Material for this exercise.
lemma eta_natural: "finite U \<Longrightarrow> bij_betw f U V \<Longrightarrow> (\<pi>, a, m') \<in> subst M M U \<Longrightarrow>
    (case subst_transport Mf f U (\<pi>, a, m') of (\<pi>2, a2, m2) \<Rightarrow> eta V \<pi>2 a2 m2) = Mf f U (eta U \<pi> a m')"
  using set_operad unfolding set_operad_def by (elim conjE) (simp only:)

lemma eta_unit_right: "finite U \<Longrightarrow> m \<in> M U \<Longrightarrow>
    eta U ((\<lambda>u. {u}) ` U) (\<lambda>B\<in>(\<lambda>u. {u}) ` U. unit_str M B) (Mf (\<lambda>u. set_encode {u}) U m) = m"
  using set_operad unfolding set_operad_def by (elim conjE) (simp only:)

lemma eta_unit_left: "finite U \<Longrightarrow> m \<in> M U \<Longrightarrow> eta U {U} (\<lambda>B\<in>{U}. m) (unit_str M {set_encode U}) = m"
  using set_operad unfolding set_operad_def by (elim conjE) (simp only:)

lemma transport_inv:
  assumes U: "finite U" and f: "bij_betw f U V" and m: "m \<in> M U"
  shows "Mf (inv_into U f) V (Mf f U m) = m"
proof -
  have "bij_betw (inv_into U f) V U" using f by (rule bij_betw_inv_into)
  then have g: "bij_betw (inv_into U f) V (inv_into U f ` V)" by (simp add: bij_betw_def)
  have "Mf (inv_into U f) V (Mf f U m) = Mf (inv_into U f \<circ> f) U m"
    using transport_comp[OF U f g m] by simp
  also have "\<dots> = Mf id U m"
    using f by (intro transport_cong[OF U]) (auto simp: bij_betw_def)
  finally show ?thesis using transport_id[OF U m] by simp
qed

Exercise instructions. Line by line, output the listing above without alteration.

Reply to the task.
lemma eta_natural: "finite U \<Longrightarrow> bij_betw f U V \<Longrightarrow> (\<pi>, a, m') \<in> subst M M U \<Longrightarrow>
    (case subst_transport Mf f U (\<pi>, a, m') of (\<pi>2, a2, m2) \<Rightarrow> eta V \<pi>2 a2 m2) = Mf f U (eta U \<pi> a m')"
  using set_operad unfolding set_operad_def by (elim conjE) (simp only:)

lemma eta_unit_right: "finite U \<Longrightarrow> m \<in> M U \<Longrightarrow>
    eta U ((\<lambda>u. {u}) ` U) (\<lambda>B\<in>(\<lambda>u. {u}) ` U. unit_str M B) (Mf (\<lambda>u. set_encode {u}) U m) = m"
  using set_operad unfolding set_operad_def by (elim conjE) (simp only:)

lemma eta_unit_left: "finite U \<Longrightarrow> m \<in> M U \<Longrightarrow> eta U {U} (\<lambda>B\<in>{U}. m) (unit_str M {set_encode U}) = m"
  using set_operad unfolding set_operad_def by (elim conjE) (simp only:)

lemma transport_inv:
  assumes U: "finite U" and f: "bij_betw f U V" and m: "m \<in> M U"
  shows "Mf (inv_into U f) V (Mf f U m) = m"
proof -
  have "bij_betw (inv_into U f) V U" using f by (rule bij_betw_inv_into)
  then have g: "bij_betw (inv_into U f) V (inv_into U f ` V)" by (simp add: bij_betw_def)
  have "Mf (inv_into U f) V (Mf f U m) = Mf (inv_into U f \<circ> f) U m"
    using transport_comp[OF U f g m] by simp
  also have "\<dots> = Mf id U m"
    using f by (intro transport_cong[OF U]) (auto simp: bij_betw_def)
  finally show ?thesis using transport_id[OF U m] by simp
qed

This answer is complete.